| EXERCISE DATA |
(* Assume $\lambda_2>\mu$ and $M>\lambda_2-\mu$ (so $\widetilde\lambda>0$), and let $\widehat C>0$. Then for all sufficiently small $\varepsilon>0$ the following holds. Suppose $(n_{1a},n_{1d},n_2)\in(0,\infty)^3$ satisfies - $n_2\in(\bar n_2-2\sqrt\varepsilon,\bar n_2+2\sqrt\varepsilon)$, - $n_{1a}+n_{1d}\in(\varepsilon/\widehat C,\sqrt\varepsilon)$, - $n_{1d}/n_{1a}=\pi_{1d}/\pi_{1a}$. Then $$\frac{pC(n_{1a}+n_2)}{\kappa\mu+\sigma}>\frac{n_{1d}}{n_{1a}}>\frac{\mu-\lambda_1+C(n_2+n_{1a})+\tau n_2}{\sigma}.$$
   Context: Let $\lambda_1,\lambda_2,\mu,C,\sigma,\tau>0$, $p\in(0,1)$ and $\kappa\ge 0$. Set $$M:=\frac{Cp\sigma}{\tau(\kappa\mu+\sigma)}(\lambda_2-\mu)+\frac{C}{\tau}(\lambda_1-\lambda_2),\qquad \bar n_2:=\max(\lambda_2-\mu,0)/C.$$ Let $$J:=\begin{pmatrix}\lambda_1-\lambda_2-\frac{\tau}{C}(\lambda_2-\mu) & p(\lambda_2-\mu)\\ \sigma & -\kappa\mu-\sigma\end{pmatrix}.$$ Let $\widetilde\lambda$ be the eigenvalue of $J$ with the largest real part. When $\lambda_2>\mu$, $\widetilde\lambda$ is real (its Perron root). Let $(\pi_{1a},\pi_{1d})$ be the left eigenvector of $J$ for $\widetilde\lambda$ with positive entries and $\pi_{1a}+\pi_{1d}=1$. *)

theory Defs
  imports Complex_Main
begin

definition J11 :: "real \<Rightarrow> real \<Rightarrow> real \<Rightarrow> real \<Rightarrow> real \<Rightarrow> real" where
  "J11 l1 l2 mu C tau = l1 - l2 - (tau / C) * (l2 - mu)"
definition J12 :: "real \<Rightarrow> real \<Rightarrow> real \<Rightarrow> real" where
  "J12 p l2 mu = p * (l2 - mu)"
definition J21 :: "real \<Rightarrow> real" where
  "J21 sigma = sigma"
definition J22 :: "real \<Rightarrow> real \<Rightarrow> real \<Rightarrow> real" where
  "J22 kappa mu sigma = - kappa * mu - sigma"

definition is_eigenvalue2 :: "real \<Rightarrow> real \<Rightarrow> real \<Rightarrow> real \<Rightarrow> complex \<Rightarrow> bool" where
  "is_eigenvalue2 a b c d z \<longleftrightarrow> (z - of_real a) * (z - of_real d) - of_real b * of_real c = 0"

definition is_top_eigenvalue2 :: "real \<Rightarrow> real \<Rightarrow> real \<Rightarrow> real \<Rightarrow> real \<Rightarrow> bool" where
  "is_top_eigenvalue2 a b c d lam \<longleftrightarrow>
     is_eigenvalue2 a b c d (of_real lam) \<and> (\<forall>z. is_eigenvalue2 a b c d z \<longrightarrow> Re z \<le> lam)"

definition is_left_eigvec2 :: "real \<Rightarrow> real \<Rightarrow> real \<Rightarrow> real \<Rightarrow> real \<Rightarrow> real \<Rightarrow> real \<Rightarrow> bool" where
  "is_left_eigvec2 a b c d lam x y \<longleftrightarrow> x * a + y * c = lam * x \<and> x * b + y * d = lam * y"

end

theory Submission
  imports Defs
begin

text \<open>The hypothesis \<open>M > \<lambda>\<^sub>2 - \<mu>\<close> says exactly that \<open>det J < 0\<close>, so the Perron root \<open>\<lambda>\<close>
  is positive. Put \<open>n\<^sub>2\<^sup>* = (\<lambda>\<^sub>2 - \<mu>)/C\<close>. The left eigenvector equations give
  \<open>r = \<pi>\<^sub>1\<^sub>d / \<pi>\<^sub>1\<^sub>a\<close> as \<open>r \<sigma> = \<lambda> - J\<^sub>1\<^sub>1\<close> and \<open>r (\<lambda> + \<kappa>\<mu> + \<sigma>) = J\<^sub>1\<^sub>2 = p C n\<^sub>2\<^sup>*\<close>.
  Hence at \<open>(n\<^sub>1\<^sub>a, n\<^sub>2) = (0, n\<^sub>2\<^sup>*)\<close> the two claimed inequalities hold with the fixed margins
  \<open>r \<lambda>\<close> and \<open>\<lambda>\<close>, which absorb perturbations of order \<open>\<surd>\<epsilon>\<close>.\<close>

lemma is_eigenvalue2_of_real_iff:
  "is_eigenvalue2 a b c d (of_real x) \<longleftrightarrow> (x - a) * (x - d) - b * c = 0"
proof -
  have "(of_real x - of_real a) * (of_real x - of_real d) - of_real b * of_real c
        = (of_real ((x - a) * (x - d) - b * c) :: complex)" by simp
  then show ?thesis unfolding is_eigenvalue2_def by (simp only: of_real_eq_0_iff)
qed

lemma is_eigenvalue2_trace_conjugate:
  assumes "is_eigenvalue2 a b c d (of_real x)"
  shows "is_eigenvalue2 a b c d (of_real (a + d - x))"
  using assms unfolding is_eigenvalue2_of_real_iff by (simp add: algebra_simps)

lemma is_top_eigenvalue2_unique:
  assumes "is_top_eigenvalue2 a b c d x" "is_top_eigenvalue2 a b c d y"
  shows "x = y"
  using assms unfolding is_top_eigenvalue2_def by (metis Re_complex_of_real order_antisym)

text \<open>The two real eigenvalues \<open>x\<close> and \<open>a + d - x\<close> have product \<open>det\<close>, so they have opposite signs.\<close>
lemma is_top_eigenvalue2_pos:
  assumes top: "is_top_eigenvalue2 a b c d x" and det: "a * d - b * c < 0"
  shows "x > 0"
proof (rule ccontr)
  assume "\<not> x > 0"
  have eig: "is_eigenvalue2 a b c d (of_real x)" using top unfolding is_top_eigenvalue2_def ..
  then have "a + d - x \<le> x"
    using top is_eigenvalue2_trace_conjugate unfolding is_top_eigenvalue2_def
    by (metis Re_complex_of_real)
  moreover have "x * (a + d - x) = a * d - b * c"
    using eig unfolding is_eigenvalue2_of_real_iff by (simp add: algebra_simps)
  ultimately show False using det \<open>\<not> x > 0\<close> mult_nonpos_nonpos[of x "a + d - x"] by linarith
qed

lemma is_left_eigvec2_ratio:
  assumes "is_left_eigvec2 a b c d lam x y" "x \<noteq> 0"
  shows "y / x * c = lam - a" and "y / x * (lam - d) = b"
  using assms unfolding is_left_eigvec2_def by (auto simp: field_simps)

lemma det_J_neg:
  fixes l1 l2 mu C sigma tau p kappa :: real
  assumes "C > 0" "tau > 0" "sigma > 0" "kappa \<ge> 0" "mu > 0"
    and "(C * p * sigma) / (tau * (kappa * mu + sigma)) * (l2 - mu) + (C / tau) * (l1 - l2) > l2 - mu"
  shows "J11 l1 l2 mu C tau * J22 kappa mu sigma - J12 p l2 mu * J21 sigma < 0"
proof -
  define K where "K = kappa * mu + sigma"
  have "K > 0" unfolding K_def using assms by (simp add: add_nonneg_pos)
  have "tau / C * (l2 - mu) < tau / C * ((C * p * sigma) / (tau * K) * (l2 - mu) + (C / tau) * (l1 - l2))"
    using assms unfolding K_def by (intro mult_strict_left_mono) auto
  also have "\<dots> = p * (l2 - mu) * sigma / K + (l1 - l2)"
    using assms \<open>K > 0\<close> by (simp add: field_simps)
  finally have "J11 l1 l2 mu C tau + p * (l2 - mu) * sigma / K > 0"
    unfolding J11_def by simp
  then have "K * J11 l1 l2 mu C tau + p * (l2 - mu) * sigma > 0"
    using \<open>K > 0\<close> by (simp add: field_simps)
  then show ?thesis unfolding J12_def J21_def J22_def K_def by (simp add: algebra_simps)
qed

lemma eigen_ratio_upper_bound:
  fixes r lam K p C nbar n1a n2 s :: real
  assumes "r * (lam + K) = p * C * nbar" "K > 0" "p * C > 0"
    and "nbar - 2 * s < n2" "n1a > 0" "2 * p * C * s < r * lam"
  shows "r < p * C * (n1a + n2) / K"
proof -
  have "r * K = p * C * nbar - r * lam" using assms(1) by (simp add: algebra_simps)
  also have "\<dots> < p * C * (nbar - 2 * s)" using assms(6) by (simp add: algebra_simps)
  also have "\<dots> < p * C * (n1a + n2)"
    using assms(3-5) by (intro mult_strict_left_mono) auto
  finally show ?thesis using \<open>K > 0\<close> by (simp add: field_simps)
qed

lemma eigen_ratio_lower_bound:
  fixes r lam sigma l1 mu C tau nbar n1a n2 s :: real
  assumes "r * sigma = lam - (l1 - mu - (C + tau) * nbar)" "sigma > 0" "C > 0" "tau > 0"
    and "n2 < nbar + 2 * s" "n1a < s" "(3 * C + 2 * tau) * s < lam"
  shows "(mu - l1 + C * (n2 + n1a) + tau * n2) / sigma < r"
proof -
  have "C * (n2 + n1a) < C * (nbar + 2 * s + s)" and "tau * n2 < tau * (nbar + 2 * s)"
    using assms(3-6) by (intro mult_strict_left_mono; simp)+
  then have "mu - l1 + C * (n2 + n1a) + tau * n2
        < mu - l1 + C * (nbar + 2 * s + s) + tau * (nbar + 2 * s)"
    by linarith
  also have "\<dots> < r * sigma" using assms(1,7) by (simp add: algebra_simps)
  finally show ?thesis using \<open>sigma > 0\<close> by (simp add: field_simps)
qed

lemma left_eigvec_J_ratio_bounds:
  fixes l1 l2 mu C sigma tau p kappa lam pa pd n1a n2 s :: real
  assumes "C > 0" "sigma > 0" "tau > 0" "p > 0" "kappa \<ge> 0" "mu > 0"
    and eigvec: "is_left_eigvec2 (J11 l1 l2 mu C tau) (J12 p l2 mu) (J21 sigma) (J22 kappa mu sigma)
      lam pa pd" and "pa > 0"
    and n2_lower: "(l2 - mu) / C - 2 * s < n2" and n2_upper: "n2 < (l2 - mu) / C + 2 * s"
    and "0 < n1a" "n1a < s"
    and "2 * p * C * s < pd / pa * lam" "(3 * C + 2 * tau) * s < lam"
  shows "pd / pa < p * C * (n1a + n2) / (kappa * mu + sigma)"
    and "(mu - l1 + C * (n2 + n1a) + tau * n2) / sigma < pd / pa"
proof -
  define nbar where "nbar = (l2 - mu) / C"
  have "kappa * mu + sigma > 0" using assms by (simp add: add_nonneg_pos)
  have "J11 l1 l2 mu C tau = l1 - mu - (C + tau) * nbar" and "J12 p l2 mu = p * C * nbar"
    using \<open>C > 0\<close> unfolding J11_def J12_def nbar_def by (auto simp: field_simps)
  with is_left_eigvec2_ratio[OF eigvec] \<open>pa > 0\<close>
  have ratio_J11: "pd / pa * sigma = lam - (l1 - mu - (C + tau) * nbar)"
    and ratio_J12: "pd / pa * (lam + (kappa * mu + sigma)) = p * C * nbar"
    unfolding J21_def J22_def by (auto simp: algebra_simps)
  show "pd / pa < p * C * (n1a + n2) / (kappa * mu + sigma)"
    using eigen_ratio_upper_bound[OF ratio_J12 \<open>kappa * mu + sigma > 0\<close>] n2_lower assms(4,1,11,13)
    unfolding nbar_def by simp
  show "(mu - l1 + C * (n2 + n1a) + tau * n2) / sigma < pd / pa"
    using eigen_ratio_lower_bound[OF ratio_J11 assms(2,1,3)] n2_upper assms(12,14)
    unfolding nbar_def by simp
qed

theorem lemmaD4:
  fixes l1 l2 mu C sigma tau p kappa Chat :: real
  assumes "l1 > 0" "l2 > 0" "mu > 0" "C > 0" "sigma > 0" "tau > 0"
    and "0 < p" "p < 1" "kappa \<ge> 0"
    and "l2 > mu"
    and "(C * p * sigma) / (tau * (kappa * mu + sigma)) * (l2 - mu) + (C / tau) * (l1 - l2) > l2 - mu"
    and "Chat > 0"
  shows "\<exists>eps0 > 0. \<forall>eps. 0 < eps \<and> eps < eps0 \<longrightarrow>
    (\<forall>lam pa pd n1a n1d n2.
       is_top_eigenvalue2 (J11 l1 l2 mu C tau) (J12 p l2 mu) (J21 sigma) (J22 kappa mu sigma) lam \<and>
       is_left_eigvec2 (J11 l1 l2 mu C tau) (J12 p l2 mu) (J21 sigma) (J22 kappa mu sigma) lam pa pd \<and>
       pa > 0 \<and> pd > 0 \<and> pa + pd = 1 \<and>
       n1a > 0 \<and> n1d > 0 \<and> n2 > 0 \<and>
       max (l2 - mu) 0 / C - 2 * sqrt eps < n2 \<and> n2 < max (l2 - mu) 0 / C + 2 * sqrt eps \<and>
       eps / Chat < n1a + n1d \<and> n1a + n1d < sqrt eps \<and>
       n1d / n1a = pd / pa
     \<longrightarrow>
       p * C * (n1a + n2) / (kappa * mu + sigma) > n1d / n1a \<and>
       n1d / n1a > (mu - l1 + C * (n2 + n1a) + tau * n2) / sigma)"
proof -
  define a b d where "a = J11 l1 l2 mu C tau" and "b = J12 p l2 mu" and "d = J22 kappa mu sigma"
  show ?thesis
  proof (cases "\<exists>lam0. is_top_eigenvalue2 a b sigma d lam0")
    case False
    then show ?thesis unfolding a_def b_def d_def J21_def by (intro exI[of _ 1]) auto
  next
    case True
    then obtain lam0 where top0: "is_top_eigenvalue2 a b sigma d lam0" ..
    have "a * d - b * sigma < 0"
      using det_J_neg[OF assms(4,6,5,9,3,11)] unfolding a_def b_def d_def J21_def .
    then have "lam0 > 0" using is_top_eigenvalue2_pos[OF top0] by blast
    define r0 where "r0 = b / (lam0 - d)"
    have "kappa * mu \<ge> 0" using assms(3,9) by simp
    then have "lam0 - d > 0" using \<open>lam0 > 0\<close> assms(5) unfolding d_def J22_def by simp
    then have "r0 > 0" using assms unfolding r0_def b_def J12_def by simp
    define g where "g = min (r0 * lam0 / (2 * p * C)) (lam0 / (3 * C + 2 * tau))"
    have "g > 0" unfolding g_def using \<open>lam0 > 0\<close> \<open>r0 > 0\<close> assms by auto
    show ?thesis
    proof (intro exI[of _ "g^2"] conjI allI impI)
      show "g^2 > 0" using \<open>g > 0\<close> by simp
      fix eps lam pa pd n1a n1d n2
      assume eps: "0 < eps \<and> eps < g^2" and H: "is_top_eigenvalue2 (J11 l1 l2 mu C tau) (J12 p l2 mu) (J21 sigma) (J22 kappa mu sigma) lam \<and>
       is_left_eigvec2 (J11 l1 l2 mu C tau) (J12 p l2 mu) (J21 sigma) (J22 kappa mu sigma) lam pa pd \<and>
       pa > 0 \<and> pd > 0 \<and> pa + pd = 1 \<and>
       n1a > 0 \<and> n1d > 0 \<and> n2 > 0 \<and>
       max (l2 - mu) 0 / C - 2 * sqrt eps < n2 \<and> n2 < max (l2 - mu) 0 / C + 2 * sqrt eps \<and>
       eps / Chat < n1a + n1d \<and> n1a + n1d < sqrt eps \<and>
       n1d / n1a = pd / pa"
      then have "lam = lam0"
        using is_top_eigenvalue2_unique[OF _ top0] unfolding a_def b_def d_def J21_def by blast
      with H have eigvec: "is_left_eigvec2 (J11 l1 l2 mu C tau) (J12 p l2 mu) (J21 sigma)
          (J22 kappa mu sigma) lam0 pa pd" and "pa > 0" by auto
      then have "pd / pa = r0"
        using is_left_eigvec2_ratio(2)[OF eigvec] \<open>lam0 - d > 0\<close>
        unfolding r0_def b_def d_def by (simp add: field_simps)
      have "sqrt eps < g" using real_sqrt_less_iff[of eps "g^2"] eps \<open>g > 0\<close> by simp
      then have "sqrt eps < r0 * lam0 / (2 * p * C)" and "sqrt eps < lam0 / (3 * C + 2 * tau)"
        unfolding g_def by simp_all
      then have slack_upper: "2 * p * C * sqrt eps < pd / pa * lam0"
        and slack_lower: "(3 * C + 2 * tau) * sqrt eps < lam0"
        using assms \<open>pd / pa = r0\<close> by (simp_all add: pos_less_divide_eq mult.commute)
      from H assms(10) have n2_lower: "(l2 - mu) / C - 2 * sqrt eps < n2"
        and n2_upper: "n2 < (l2 - mu) / C + 2 * sqrt eps"
        and "0 < n1a" and "n1a < sqrt eps" and ratio: "n1d / n1a = pd / pa"
        by auto
      note bounds = left_eigvec_J_ratio_bounds[OF assms(4,5,6,7,9,3) eigvec \<open>pa > 0\<close>
          n2_lower n2_upper \<open>0 < n1a\<close> \<open>n1a < sqrt eps\<close> slack_upper slack_lower]
      show "p * C * (n1a + n2) / (kappa * mu + sigma) > n1d / n1a"
        and "n1d / n1a > (mu - l1 + C * (n2 + n1a) + tau * n2) / sigma"
        using bounds unfolding ratio by simp_all
    qed
  qed
qed

end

| BRIEF |
Look through the entries above and list every line containing "forall".

| TASK SOLUTION |
     is_eigenvalue2 a b c d (of_real lam) \<and> (\<forall>z. is_eigenvalue2 a b c d z \<longrightarrow> Re z \<le> lam)"
  shows "\<exists>eps0 > 0. \<forall>eps. 0 < eps \<and> eps < eps0 \<longrightarrow>
    (\<forall>lam pa pd n1a n1d n2.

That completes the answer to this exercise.